銅爐中薰香冉冉,月影移動,魁偉高大的男人站起身,俯視着明豔照人的女人,一字字的說道:“你矇騙朕,朕最不喜的就是受人矇騙。”
武珝呆了呆,一時心念千轉,腦中尚未思想妥當,口中已經管不住的先問出了疑惑,“奴婢幾時矇騙過聖上?”遲疑了陣,補充道,“奴婢從來沒有矇騙過聖上。”
太宗皇帝冷笑了一聲,“還說沒有,你記不記得,朕最後一次寵幸你那夜,和你說過什麼,你又是如何回答朕的?”
她當然記得,刻骨銘心的記得。
那一夜他說,媚娘啊媚娘,可怎麼辦纔好,朕每時每刻都想和你在一起,就連上朝都想着你。
她心裏甜得蜜一般,咬着他的手指,羞怯的說,聖上可以帶我上朝,或者拿了摺子跟我一起批覆,不是就能時時與我在一起了麼?
十四歲的少女涉世尚顯淺淡,一番話說得順口,其實連她自己都不以爲然,然而聽在深沉睿智的君王耳中,卻是另外一番含義。
那夜之後的第二日,黃衣太監宣了旨,封她做才人,同期進宮的姐妹個個羨慕不已,她也是喜不自勝,一直到半年之後纔回過味,原來這是聖上臨別的贈禮。
因爲他從此以後再沒寵幸過她。
此後不管她做什麼,爲他獻計馴服烈馬也好,苦練書法投取他歡心也好,他就是再也不臨幸她。
兩三年之後她終於心灰意冷,開始認真讀書,心無旁騖的讀書,宮中人和書都多,她讀了四五年,漸次讀出些智慧,爲人行事和從前顯出了區別,一來二去的居然也博了好些讚譽的虛名,這些虛名傳來傳去,到底還是傳到了聖上耳朵裏,他纔開始重新留意她,讓黃衣內監傳她過甘露殿。
她去的時候是白天。
掖庭的姐妹們對她又羨又妒,都道聖上終於回心轉意,迫不及待的想要寵幸她。
她自己也是這麼想的,按耐不住的歡欣,恨不得全天下的人都知道。
一番芳心,如絲如縷,悉數系在那男人身上,雖然他讓她受苦,經年冷落他,但是隻要他一句話,她立刻就會高高興興的原諒他,誰讓她對他動了心呢。
可是她錯了,他召她到甘露殿,並非是爲了寵幸他。
他和她論了一陣書經,然後就對她說,你日後就做我的侍筆吧。
不是侍寢,是侍筆。
武珝輕聲的嘆息,她一向是個堅韌樂觀的人,很少會有絕望的時候,但聽到聖上說,你日後就做我的侍筆吧,她是絕望過的。

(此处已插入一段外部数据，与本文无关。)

lemma ellipticF_0 [simp]: "ellipticF k 0 = 0"
  by (simp add: ellipticF_def)

lemma strict_mono_ellipticF:
  assumes "\<bar>k\<bar> < 1"
  shows "strict_mono (ellipticF k)"
proof (rule strict_monoI)
  fix x y :: real
  assume "x < y"
  then show "ellipticF k x < ellipticF k y"
  proof (rule DERIV_pos_imp_increasing)
    fix t
    show "\<exists>y. (ellipticF k has_real_derivative y) (at t) \<and> 0 < y"
      using ellipticF_has_real_derivative[OF assms] elliptic_delta_pos[OF assms] by force
  qed
qed

lemma ellipticF_minus:
  assumes k: "\<bar>k\<bar> < 1"
  shows "ellipticF k (- x) = - ellipticF k x"
proof -
  let ?G = "\<lambda>x. ellipticF k x + ellipticF k (- x)"
  have "(?G has_real_derivative 1 / elliptic_delta k x + 1 / elliptic_delta k (- x) * - 1) (at x)" for x
    by (intro DERIV_add DERIV_chain2[OF ellipticF_has_real_derivative[OF k]]
        ellipticF_has_real_derivative[OF k] DERIV_minus DERIV_ident)
  moreover have "elliptic_delta k (- x) = elliptic_delta k x" for x
    by (simp add: elliptic_delta_def)
  ultimately have "(?G has_real_derivative 0) (at x)" for x
    by fastforce
  then have "?G x = ?G 0" by (intro DERIV_isconst_all) blast
  then show ?thesis by simp
qed

lemma ellipticF_pi:
  assumes k: "\<bar>k\<bar> < 1"
  shows "ellipticF k pi = 2 * ellipticK k"
proof -
  let ?G = "\<lambda>x. ellipticF k (pi/2 + x) + ellipticF k (pi/2 - x)"
  have "(?G has_real_derivative
      1 / elliptic_delta k (pi/2 + x) * (0 + 1) + 1 / elliptic_delta k (pi/2 - x) * (0 - 1))
      (at x)" for x
    by (intro DERIV_add DERIV_diff DERIV_chain2[OF ellipticF_has_real_derivative[OF k]]
        DERIV_const DERIV_ident)
  moreover have "elliptic_delta k (pi/2 - x) = elliptic_delta k (pi/2 + x)" for x
    by (simp add: elliptic_delta_def sin_add sin_diff)
  ultimately have "(?G has_real_derivative 0) (at x)" for x
    by fastforce
  then have "?G (pi/2) = ?G 0" by (intro DERIV_isconst_all) blast
  then show ?thesis by (simp add: ellipticK_def)
qed

lemma ellipticF_minus_id_mono:
  assumes "\<bar>k\<bar> < 1" "x \<le> y"
  shows "ellipticF k x - x \<le> ellipticF k y - y"
proof (rule DERIV_nonneg_imp_nondecreasing[OF assms(2)])
  fix t
  have "1 \<le> 1 / elliptic_delta k t"
    using elliptic_delta_pos[OF assms(1)] elliptic_delta_le_1 by simp
  then show "\<exists>y. ((\<lambda>t. ellipticF k t - t) has_real_derivative y) (at t) \<and> 0 \<le> y"
    using ellipticF_has_real_derivative[OF assms(1)]
    by (intro exI[of _ "1 / elliptic_delta k t - 1"]) (auto intro!: derivative_eq_intros)
qed

lemma surj_ellipticF:
  assumes "\<bar>k\<bar> < 1"
  shows "surj (ellipticF k)"
proof -
  have cont: "isCont (ellipticF k) x" for x
    using ellipticF_has_real_derivative[OF assms] DERIV_isCont by blast
  have "\<exists>x. ellipticF k x = u" for u
  proof (cases "0 \<le> u")
    case True
    then have "ellipticF k 0 \<le> u" "u \<le> ellipticF k u"
      using ellipticF_minus_id_mono[OF assms True] by auto
    then show ?thesis using IVT[of "ellipticF k" 0 u u] True cont by blast
  next
    case False
    then have "ellipticF k u \<le> u" "u \<le> ellipticF k 0"
      using ellipticF_minus_id_mono[OF assms, of u 0] by auto
    then show ?thesis using IVT[of "ellipticF k" u u 0] False cont by auto
  qed
  then show ?thesis by (metis surjI)
qed

lemma jam_ellipticF [simp]: "\<bar>k\<bar> < 1 \<Longrightarrow> jam k (ellipticF k x) = x"
  unfolding jam_def using strict_mono_ellipticF strict_mono_eq by blast

lemma ellipticF_jam [simp]: "\<bar>k\<bar> < 1 \<Longrightarrow> ellipticF k (jam k u) = u"
  using surj_ellipticF by (metis jam_ellipticF surjD)

lemma jam_bounds:
  assumes "\<bar>k\<bar> < 1" "\<bar>u\<bar> < 2 * ellipticK k"
  shows "- pi < jam k u" "jam k u < pi"
  using assms strict_mono_less[OF strict_mono_ellipticF[OF assms(1)], of "- pi" "jam k u"]
    strict_mono_less[OF strict_mono_ellipticF[OF assms(1)], of "jam k u" pi]
  by (auto simp: ellipticF_minus ellipticF_pi)

lemma jam_pos: "\<bar>k\<bar> < 1 \<Longrightarrow> 0 < u \<Longrightarrow> 0 < jam k u"
  using strict_mono_less[OF strict_mono_ellipticF, of k 0 "jam k u"] by simp

definition half_amplitude :: "real \<Rightarrow> real \<Rightarrow> real" where
  "half_amplitude k t = arctan (sin t / sqrt ((elliptic_delta k t + cos t) * (1 + cos t)))"

lemma elliptic_delta_plus_cos_pos:
  assumes k: "\<bar>k\<bar> < 1" and "- 1 < cos t"
  shows "0 < elliptic_delta k t + cos t"
proof (cases "0 \<le> cos t")
  case True
  then show ?thesis using elliptic_delta_pos[OF k, of t] by linarith
next
  case False
  then have "(cos t)\<^sup>2 < 1"
    using assms(2) by (simp add: abs_square_less_1)
  then have "0 < (sin t)\<^sup>2"
    using sin_cos_squared_add[of t] by linarith
  then have "k\<^sup>2 * (sin t)\<^sup>2 < (sin t)\<^sup>2"
    using k by (simp add: abs_square_less_1)
  then have "(cos t)\<^sup>2 < (elliptic_delta k t)\<^sup>2"
    using elliptic_delta_squared[OF k, of t] sin_cos_squared_add[of t] by linarith
  then have "\<bar>cos t\<bar> < elliptic_delta k t"
    using elliptic_delta_pos[OF k, of t]
    by (metis abs_of_pos power2_abs power_less_imp_less_base less_imp_le)
  then show ?thesis by linarith
qed

lemma elliptic_delta_half_amplitude_squared:
  assumes k: "\<bar>k\<bar> < 1" and c: "- 1 < cos t"
  shows "(elliptic_delta k (half_amplitude k t))\<^sup>2 = (elliptic_delta k t + cos t) / (1 + cos t)"
proof -
  define s c d where "s = sin t" and "c = cos t" and "d = elliptic_delta k t"
  define P where "P = (d + c) * (1 + c)"
  have "0 < 1 + c" "0 < 1 + d" "0 < d + c"
    using c elliptic_delta_pos[OF k, of t] elliptic_delta_plus_cos_pos[OF k c]
    by (auto simp: c_def d_def)
  then have P: "0 < P" by (simp add: P_def)
  have sc: "s\<^sup>2 + c\<^sup>2 = 1" and dd: "d\<^sup>2 = 1 - k\<^sup>2 * s\<^sup>2"
    by (simp_all add: s_def c_def d_def elliptic_delta_squared[OF k])
  have "(sin (arctan y))\<^sup>2 = y\<^sup>2 / (1 + y\<^sup>2)" for y
    by (simp add: sin_arctan power_divide add_pos_nonneg)
  then have "(sin (half_amplitude k t))\<^sup>2 = (s / sqrt P)\<^sup>2 / (1 + (s / sqrt P)\<^sup>2)"
    by (simp add: half_amplitude_def s_def c_def d_def P_def)
  also have "\<dots> = s\<^sup>2 / (P + s\<^sup>2)"
    using P by (simp add: power_divide field_simps add_pos_nonneg)
  also have "P + s\<^sup>2 = (1 + c) * (1 + d)"
    using sc by (simp add: P_def algebra_simps power2_eq_square)
  finally have "k\<^sup>2 * (sin (half_amplitude k t))\<^sup>2 = (1 - d) * (1 + d) / ((1 + c) * (1 + d))"
    using dd by (simp add: algebra_simps power2_eq_square)
  also have "\<dots> = (1 - d) / (1 + c)"
    using \<open>0 < 1 + d\<close> by simp
  finally show ?thesis
    using \<open>0 < 1 + c\<close>
    by (simp add: elliptic_delta_squared[OF k] c_def d_def field_simps)
qed

lemma elliptic_delta_half_amplitude:
  assumes k: "\<bar>k\<bar> < 1" and c: "- 1 < cos t"
  shows "elliptic_delta k (half_amplitude k t) =
    sqrt ((elliptic_delta k t + cos t) * (1 + cos t)) / (1 + cos t)"
proof -
  have "0 < 1 + cos t" using c by simp
  then have "(elliptic_delta k (half_amplitude k t))\<^sup>2 =
      (sqrt ((elliptic_delta k t + cos t) * (1 + cos t)) / (1 + cos t))\<^sup>2"
    using elliptic_delta_half_amplitude_squared[OF k c] elliptic_delta_plus_cos_pos[OF k c]
    by (simp add: power_divide power2_eq_square)
  moreover have "0 \<le> sqrt ((elliptic_delta k t + cos t) * (1 + cos t)) / (1 + cos t)"
    using \<open>0 < 1 + cos t\<close> elliptic_delta_plus_cos_pos[OF k c] by simp
  ultimately show ?thesis
    using power2_eq_imp_eq less_imp_le[OF elliptic_delta_pos[OF k]] by blast
qed

text \<open>The left-hand side is the chain-rule derivative of \<open>arctan (s / q)\<close>, where
  \<open>s = sin t\<close>, \<open>c = cos t\<close>, \<open>d = elliptic_delta k t\<close>, \<open>q\<^sup>2 = (d + c) * (1 + c)\<close>
  and \<open>P'\<close> is the derivative of \<open>(d + c) * (1 + c)\<close>.\<close>

lemma half_amplitude_derivative_simplifies:
  fixes s c d k q P' :: real
  assumes sc: "s\<^sup>2 + c\<^sup>2 = 1" and dd: "d\<^sup>2 = 1 - k\<^sup>2 * s\<^sup>2"
    and pos: "0 < d" "0 < 1 + c" "0 < 1 + d" "0 < q" and q: "q\<^sup>2 = (d + c) * (1 + c)"
    and P': "P' = (- k\<^sup>2 * s * c / d - s) * (1 + c) + (d + c) * - s"
  shows "inverse (1 + (s / q)\<^sup>2) * ((c * q - s * (inverse q / 2 * P')) / (q * q))
      = q / ((1 + c) * (2 * d))"
proof -
  define P where "P = q\<^sup>2"
  have "0 < P" using pos by (simp add: P_def)
  have "P' * d = (- (k\<^sup>2 * s * c) - s * d) * (1 + c) - (d + c) * s * d"
    using pos by (simp add: P' field_simps)
  then have key: "(2 * c * P - s * P') * d = P * (1 + d)"
    using sc dd unfolding P_def q by algebra
  have "P + s\<^sup>2 = (1 + c) * (1 + d)"
    using sc q by (simp add: P_def algebra_simps power2_eq_square)
  then have "inverse (1 + (s / q)\<^sup>2) = P / ((1 + c) * (1 + d))"
    using \<open>0 < P\<close> by (simp add: P_def power_divide field_simps)
  moreover have "(c * q - s * (inverse q / 2 * P')) / (q * q) = (2 * c * P - s * P') / (2 * q * P)"
    using pos by (simp add: P_def field_simps power2_eq_square)
  ultimately have "inverse (1 + (s / q)\<^sup>2) * ((c * q - s * (inverse q / 2 * P')) / (q * q))
      = (2 * c * P - s * P') * d / (2 * q * ((1 + c) * (1 + d)) * d)"
    using \<open>0 < P\<close> pos by simp
  also have "\<dots> = P * (1 + d) / (2 * q * ((1 + c) * (1 + d)) * d)"
    unfolding key ..
  also have "\<dots> = q / ((1 + c) * (2 * d))"
  proof -
    have nz: "2 * q * ((1 + c) * (1 + d)) * d \<noteq> 0" "(1 + c) * (2 * d) \<noteq> 0"
      using pos by auto
    show ?thesis
      unfolding frac_eq_eq[OF nz] P_def by (simp add: power2_eq_square algebra_simps)
  qed
  finally show ?thesis .
qed

lemma half_amplitude_has_real_derivative:
  assumes k: "\<bar>k\<bar> < 1" and c: "- 1 < cos t"
  shows "(half_amplitude k has_real_derivative
            elliptic_delta k (half_amplitude k t) / (2 * elliptic_delta k t)) (at t)"
proof -
  define s c d where "s = sin t" and "c = cos t" and "d = elliptic_delta k t"
  define q where "q = sqrt ((d + c) * (1 + c))"
  define P' where "P' = (- k\<^sup>2 * s * c / d - s) * (1 + c) + (d + c) * - s"
  have pos: "0 < d" "0 < 1 + c" "0 < 1 + d" "0 < d + c"
    using c elliptic_delta_pos[OF k, of t] elliptic_delta_plus_cos_pos[OF k c]
    by (auto simp: c_def d_def)
  then have q: "0 < q" "q\<^sup>2 = (d + c) * (1 + c)" by (simp_all add: q_def)
  have "((\<lambda>t. (elliptic_delta k t + cos t) * (1 + cos t)) has_real_derivative P') (at t)"
    unfolding P'_def s_def c_def d_def
    by (auto intro!: derivative_eq_intros elliptic_delta_has_real_derivative[OF k])
  then have "(half_amplitude k has_real_derivative
      inverse (1 + (s / q)\<^sup>2) * ((c * q - s * (inverse q / 2 * P')) / (q * q))) (at t)"
    unfolding half_amplitude_def[abs_def] s_def c_def q_def d_def
    by (intro DERIV_chain2[OF DERIV_arctan] DERIV_divide DERIV_sin DERIV_chain2[OF DERIV_real_sqrt])
      (use pos q(1) in \<open>auto simp: c_def d_def q_def\<close>)
  moreover have "elliptic_delta k (half_amplitude k t) = q / (1 + c)"
    using elliptic_delta_half_amplitude[OF k c] by (simp add: q_def c_def d_def)
  moreover have "s\<^sup>2 + c\<^sup>2 = 1" "d\<^sup>2 = 1 - k\<^sup>2 * s\<^sup>2"
    by (simp_all add: s_def c_def d_def elliptic_delta_squared[OF k])
  ultimately show ?thesis
    using half_amplitude_derivative_simplifies[OF _ _ pos(1-3) q P'_def] by (simp add: d_def)
qed

lemma cos_gt_minus_one: "- pi < x \<Longrightarrow> x < pi \<Longrightarrow> - 1 < cos x"
  using cos_monotone_0_pi[of "\<bar>x\<bar>" pi] by (simp add: abs_less_iff)

lemma ellipticF_half_amplitude:
  assumes k: "\<bar>k\<bar> < 1" and t: "- pi < t" "t < pi"
  shows "ellipticF k (half_amplitude k t) = ellipticF k t / 2"
proof -
  let ?G = "\<lambda>t. 2 * ellipticF k (half_amplitude k t) - ellipticF k t"
  have "(?G has_real_derivative 0) (at x)" if "x \<in> {- pi<..<pi}" for x
  proof -
    have "- 1 < cos x"
      using that cos_gt_minus_one by simp
    then have "(?G has_real_derivative
        2 * (1 / elliptic_delta k (half_amplitude k x) *
          (elliptic_delta k (half_amplitude k x) / (2 * elliptic_delta k x)))
        - 1 / elliptic_delta k x) (at x)"
      by (intro DERIV_diff DERIV_cmult ellipticF_has_real_derivative[OF k]
          DERIV_chain2[OF ellipticF_has_real_derivative[OF k] half_amplitude_has_real_derivative[OF k]])
    then show ?thesis
      using elliptic_delta_pos[OF k, of "half_amplitude k x"] by simp
  qed
  then have "?G t = ?G 0"
    by (intro DERIV_isconst3[of "- pi" pi]) (use t in auto)
  then show ?thesis
    by (simp add: half_amplitude_def)
qed

lemma jdn_eq_elliptic_delta: "jdn k u = elliptic_delta k (jam k u)"
  by (simp add: jdn_def jsn_def elliptic_delta_def)

lemma jsn_squared_plus_jcn_squared [simp]: "(jsn k u)\<^sup>2 + (jcn k u)\<^sup>2 = 1"
  by (simp add: jsn_def jcn_def)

“聖上,奴婢可否這樣猜測,您經年冷落奴婢,皆是因爲奴婢那夜的回答而起?”
太宗皇帝沉吟了陣,“是。”
她指尖冰涼,心下說不出有多麼的憂傷,但是瞳仁深處光華依舊如明月,腰背也挺得筆直,勇敢的仰望太宗皇帝,“那麼請聖上告訴奴婢吧,奴婢究竟說錯什麼了?”

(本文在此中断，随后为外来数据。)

(* Let $k$ be an algebraically closed field of characteristic $0$, $V$ a finite-dimensional $k$-vector space, $h\in\mathrm{End}_k(V)$ such that $0$ is an eigenvalue of $h$ of algebraic multiplicity exactly $1$, $\iota\in V$ and $p\in V^*$. Then it is impossible that $p(h^{n+1}\iota)=\mathrm{tr}_V(h^n)$ for all $n\ge0$.
   Context: Here $h^0=\mathrm{id}_V$, so $\mathrm{tr}_V(h^0)=\dim V$. *)

theory Defs
  imports "Jordan_Normal_Form.Jordan_Normal_Form" "HOL-Computational_Algebra.Polynomial"
begin

definition mat_trace :: "'a :: comm_ring_1 mat \<Rightarrow> 'a" where
  "mat_trace A = (\<Sum>i<dim_row A. A $$ (i, i))"

end

theory Submission
  imports "Jordan_Normal_Form.Schur_Decomposition" "Jordan_Normal_Form.DL_Rank" Defs
begin

text \<open>Factor the characteristic polynomial as \<open>x \<cdot> q(x)\<close> with \<open>q = \<Prod>(x - e\<^sub>i)\<close>, \<open>e\<^sub>i \<noteq> 0\<close>,
  and triangularise \<open>h\<close> with diagonal \<open>(0, e\<^sub>1, \<dots>, e\<^sub>m)\<close>. The functional
  \<open>X \<mapsto> p(h X \<iota>) - tr X\<close> is linear and, by hypothesis, vanishes on all powers of \<open>h\<close>, hence on
  \<open>q(h)\<close>. By Cayley--Hamilton \<open>h q(h) = 0\<close>, so \<open>tr q(h) = 0\<close>; but the trace of \<open>q(h)\<close> is the
  sum of \<open>q\<close> over the eigenvalues, namely \<open>q(0) = \<Prod>(-e\<^sub>i) \<noteq> 0\<close>.\<close>

lemma simple_root_linear_factorization:
  fixes f :: "'a :: alg_closed_field poly"
  assumes "monic f" and "order a f = 1"
  obtains es where "f = (\<Prod>x\<leftarrow>a # es. [:-x, 1:])" and "a \<notin> set es"
proof -
  have "f \<noteq> 0" using assms(1) by auto
  from order_decomp[OF this, of a] assms(2)
  obtain q where f: "f = [:-a, 1:] * q" and not_dvd: "\<not> [:-a, 1:] dvd q" by auto
  have "q \<noteq> 0" using f \<open>f \<noteq> 0\<close> by auto
  have "monic q" using assms(1) unfolding f lead_coeff_mult by simp
  from alg_closed_imp_factorization[OF \<open>q \<noteq> 0\<close>] \<open>monic q\<close>
  obtain M where "q = (\<Prod>x\<in>#M. [:-x, 1:])" by auto
  moreover obtain es where "mset es = M" using ex_mset by blast
  ultimately have q: "q = (\<Prod>x\<leftarrow>es. [:-x, 1:])"
    by (metis mset_map prod_mset_prod_list)
  have "poly q a \<noteq> 0" using not_dvd by (simp add: poly_eq_0_iff_dvd)
  hence "a \<notin> set es" unfolding q poly_prod_list by auto
  with f q show thesis by (intro that) simp_all
qed

lemma pow_mat_Suc_left:
  assumes "A \<in> carrier_mat n n"
  shows "A ^\<^sub>m Suc k = A * A ^\<^sub>m k"
proof (induction k)
  case (Suc k)
  have "A ^\<^sub>m Suc (Suc k) = A * A ^\<^sub>m k * A" using Suc by simp
  also have "\<dots> = A * A ^\<^sub>m Suc k" using assms by (simp add: assoc_mult_mat[of _ n n _ n _ n])
  finally show ?case .
qed (use assms in simp)

lemma mult_unit_vec_col:
  assumes "A \<in> carrier_mat m n" and "j < n"
  shows "A *\<^sub>v unit_vec n j = col (A :: 'a :: comm_ring_1 mat) j"
  using assms by (intro eq_vecI) auto

lemma smult_mat_mult_mat_vec:
  assumes "A \<in> carrier_mat m n" and "v \<in> carrier_vec n"
  shows "(c \<cdot>\<^sub>m A) *\<^sub>v v = c \<cdot>\<^sub>v (A *\<^sub>v (v :: 'a :: comm_ring_1 vec))"
  using assms by (intro eq_vecI) (auto simp: scalar_prod_def sum_distrib_left ac_simps)

lemma scalar_prod_mult_mat_vec_minus_smult:
  fixes X Z :: "'a :: comm_ring_1 mat"
  assumes "M \<in> carrier_mat m n" "X \<in> carrier_mat n n" "Z \<in> carrier_mat n n"
    and "N \<in> carrier_mat n l" "v \<in> carrier_vec l" "u \<in> carrier_vec m"
  shows "u \<bullet> ((M * (X - c \<cdot>\<^sub>m Z) * N) *\<^sub>v v)
    = u \<bullet> ((M * X * N) *\<^sub>v v) - c * (u \<bullet> ((M * Z * N) *\<^sub>v v))"
proof -
  have y: "(M * X * N) *\<^sub>v v \<in> carrier_vec m" and z: "(M * Z * N) *\<^sub>v v \<in> carrier_vec m"
    using assms by (meson mult_carrier_mat mult_mat_vec_carrier)+
  have "M * (X - c \<cdot>\<^sub>m Z) * N = M * X * N - c \<cdot>\<^sub>m (M * Z * N)"
    using assms
    by (simp add: mult_minus_distrib_mat[of _ m n] mult_smult_distrib[of _ m n]
        minus_mult_distrib_mat[of _ m n] mult_smult_assoc_mat[of _ m n])
  also have "(M * X * N - c \<cdot>\<^sub>m (M * Z * N)) *\<^sub>v v
      = (M * X * N) *\<^sub>v v - c \<cdot>\<^sub>v ((M * Z * N) *\<^sub>v v)"
    using assms by (simp add: minus_mult_distrib_mat_vec[of _ m l] smult_mat_mult_mat_vec[of _ m l])
  finally show ?thesis
    using scalar_prod_minus_distrib[OF \<open>u \<in> carrier_vec m\<close> y smult_carrier_vec[THEN iffD2, OF z]]
      \<open>u \<in> carrier_vec m\<close> z by simp
qed

lemma upper_triangular_mult:
  fixes A B :: "'a :: comm_ring_1 mat"
  assumes A: "A \<in> carrier_mat n n" and B: "B \<in> carrier_mat n n"
    and "upper_triangular A" and "upper_triangular B"
  shows "upper_triangular (A * B)"
    and "i < n \<Longrightarrow> (A * B) $$ (i, i) = A $$ (i, i) * B $$ (i, i)"
proof -
  have lowA: "A $$ (i, k) = 0" if "k < i" "i < n" for i k
    using assms(3) A that by auto
  have lowB: "B $$ (k, j) = 0" if "j < k" "k < n" for k j
    using assms(4) B that by auto
  have entry: "(A * B) $$ (i, j) = (\<Sum>k\<in>{0..<n}. A $$ (i, k) * B $$ (k, j))"
    if "i < n" "j < n" for i j
    using A B that by (simp add: scalar_prod_def)
  show "upper_triangular (A * B)"
  proof
    fix i j assume "j < i" "i < dim_row (A * B)"
    with A have "i < n" "j < n" by auto
    moreover have "\<forall>k\<in>{0..<n}. A $$ (i, k) * B $$ (k, j) = 0"
      using \<open>j < i\<close> \<open>i < n\<close> lowA lowB by (metis atLeastLessThan_iff leI mult_zero_left
        mult_zero_right order.strict_trans2)
    ultimately show "(A * B) $$ (i, j) = 0" by (simp only: entry sum.neutral)
  qed
  assume i: "i < n"
  have "(\<Sum>k\<in>{0..<n}. A $$ (i, k) * B $$ (k, i))
      = A $$ (i, i) * B $$ (i, i) + (\<Sum>k\<in>{0..<n} - {i}. A $$ (i, k) * B $$ (k, i))"
    using i by (intro sum.remove) auto
  also have "(\<Sum>k\<in>{0..<n} - {i}. A $$ (i, k) * B $$ (k, i)) = 0"
    using i lowA lowB by (intro sum.neutral) (metis DiffE atLeastLessThan_iff insertI1
      linorder_neqE_nat mult_zero_left mult_zero_right)
  finally show "(A * B) $$ (i, i) = A $$ (i, i) * B $$ (i, i)" using i by (simp add: entry)
qed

太宗皇帝愣了愣,不由自主後退了兩步,從前理直氣壯的判斷,今天似乎有些站不住腳跟,這種心虛讓他下意識的迴避了武珝探尋的眼光。
她怎麼肯讓他迴避,她疑惑、困苦、忍耐了七八年,原本以爲此生都不會有機會知道,沒有想到今天當事人卻主動挑起,便是如此,那就勢必要得到一個結果,“聖上,奴婢說錯了什麼?”

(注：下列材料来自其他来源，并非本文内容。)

(* Fix $K\ge 1$ classes, and for each class $k\in\{1,\dots,K\}$ a decomposable stratified graph $G_L^k$ on the feature set $\Delta$, with its clique and separator factor structures as described in the context. Fix a test data set $\mathbf{X}^T$ of $n$ observations and a labeling $T\in\{1,\dots,K\}^n$ of the test data. Let the training data grow, and suppose that for every class $k$, every clique $C\in\mathcal{C}(G_L^k)$ and every separator $S\in\mathcal{S}(G_L^k)$, and every index triple $(j,i,l)$ of the corresponding factor, the training count $m(x_j^i\mid\pi_j^l)$ computed from $\mathbf{X}^{R,k}$ tends to $\infty$ (so that every updated hyperparameter $\beta_{jil}=\alpha_{jil}+m(x_j^i\mid \pi_j^l)\to\infty$). This holds, for example, almost surely when the training data of each class are an i.i.d. sample of size tending to infinity from a distribution under which all these cells have strictly positive probability. Then \[ \log P_{\mathrm{sim}}(T\mid \mathbf{X}^T,\mathbf{X}^R,R,G_L^A)-\log P_{\mathrm{mar}}(T\mid \mathbf{X}^T,\mathbf{X}^R,R,G_L^A)\longrightarrow 0 . \] That is, the marginal and simultaneous predictive SGM classifiers are asymptotically equivalent as the size of the training data goes to infinity.
   Context: All features $X_\delta$, $\delta\in\Delta$, are binary (more generally finite categorical, variable $X_j$ having $k_j$ outcomes). Stratified graphs. For an undirected graph $G=(\Delta,E)$ and an edge $\{\delta,\gamma\}\in E$, let $L_{\{\delta,\gamma\}}$ be the set of nodes adjacent to both $\delta$ and $\gamma$. A stratum of the edge is a set $\mathcal{L}_{\{\delta,\gamma\}}$ of outcomes $x_{L_{\{\delta,\gamma\}}}$ for which $X_\delta\perp X_\gamma\mid X_{L_{\{\delta,\gamma\}}}=x_{L_{\{\delta,\gamma\}}}$. A stratified graph (SG) $G_L$ is a pair $(G,L)$, where $L$ is the collection of strata attached to edges of $G$. It is decomposable if $G$ is decomposable (chordal), no stratified edge lies in a separator of $G$, and within each clique $C$ all stratified edges share at least one common node. Factor formula. For a clique $C$ (or separator $S$) with $d$ variables, order them $X_1,\dots,X_d$, where, if $C$ contains stratified edges, $X_d$ is a node common to all of them. For $j<d$, and for $j=d$ when there are no strata, the parent outcomes (outcomes of $X_1,\dots,X_{j-1}$) are each their own group. For $j=d$ with strata, the outcomes of $X_1,\dots,X_{d-1}$ are partitioned into $q_d$ groups: each outcome $x$ in the stratum of an edge $\{d',d\}$ merges the two parent outcomes that agree with $x$ on the common neighbours and differ only in $X_{d'}$, and groups are the resulting equivalence classes. Let $q_j$ be the number of groups for $X_j$. For a data matrix $\mathbf{Y}$ on the variables of $C$, let $n(\pi_j^l)$ be the number of rows whose parent outcome lies in group $l$, and $n(x_j^i\mid\pi_j^l)$ the number of those rows in which $X_j=i$. For positive hyperparameters $\beta_{jil}$, \[ P_C(\mathbf{Y})=\prod_{j=1}^{d}\prod_{l=1}^{q_j}\frac{\Gamma(\sum_{i=1}^{k_j}\beta_{jil})}{\Gamma(n(\pi_j^l)+\sum_{i=1}^{k_j}\beta_{jil})}\prod_{i=1}^{k_j}\frac{\Gamma(n(x_j^i\mid\pi_j^l)+\beta_{jil})}{\Gamma(\beta_{jil})}, \] and analogously for $P_S$. Predictive scores. Training data $\mathbf{X}^R$ consist of $m$ observations with class labels $R$, and $\mathbf{X}^{R,k}$ denotes the training data of class $k$. In the posterior predictive version $P_C(\cdot\mid \mathbf{X}^{R,k})$ one uses $\beta_{jil}=\alpha_{jil}+m(x_j^i\mid\pi_j^l)$, where $\alpha_{jil}>0$ are fixed prior hyperparameters and $m(x_j^i\mid\pi_j^l)$ is the corresponding count in $\mathbf{X}^{R,k}$. Write $G_L^A=(G_L^1,\dots,G_L^K)$. Let $\mathbf{X}_i^T$ be the $i$-th test observation, and $\mathbf{X}^{T,k}$ the test observations assigned to class $k$ by $T$. Subscripts $C$ and $S$ denote restriction to the variables in $C$ or $S$. Then \[ P_{\mathrm{mar}}(T\mid\cdot)=\prod_{i=1}^n\frac{\prod_{C\in\mathcal{C}(G_L^{T(i)})}P_C(\mathbf{X}^T_{i,C}\mid \mathbf{X}^{R,T(i)})}{\prod_{S\in\mathcal{S}(G_L^{T(i)})}P_S(\mathbf{X}^T_{i,S}\mid \mathbf{X}^{R,T(i)})},\qquad P_{\mathrm{sim}}(T\mid\cdot)=\prod_{k=1}^K\frac{\prod_{C\in\mathcal{C}(G_L^{k})}P_C(\mathbf{X}^{T,k}_{C}\mid \mathbf{X}^{R,k})}{\prod_{S\in\mathcal{S}(G_L^{k})}P_S(\mathbf{X}^{T,k}_{S}\mid \mathbf{X}^{R,k})}. \] The marginal, respectively simultaneous, classifier chooses the $T$ maximizing $P_{\mathrm{mar}}$, respectively $P_{\mathrm{sim}}$. *)

theory Defs
  imports "HOL-Analysis.Analysis"
begin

男人又退後兩步,竟似不能承受她的逼迫,但是腳跟碰到的御案霎時又讓他站直了身子。
我是江山之主!黎民蒼生的生死榮辱,都當由我做主。
他重新俯視她,居高臨下,字字有千金之力,“你究竟說錯了什麼,朕告訴你。”
PS:
對不起大家,我最近兩個月迷上了灌籃高手,日以繼夜看遍動漫和同人,至今還在如癡如醉中,對王大光和土豆都沒得興趣了,只有阿武勉強還能調動我一點積極性,因此這個番外主角沒有二話的肯定是阿武,而且估計還會很長很長,三四五六章都說不定,大家忍耐一下好不啊,在番外裏我想歪歪的是女主伐天的起因。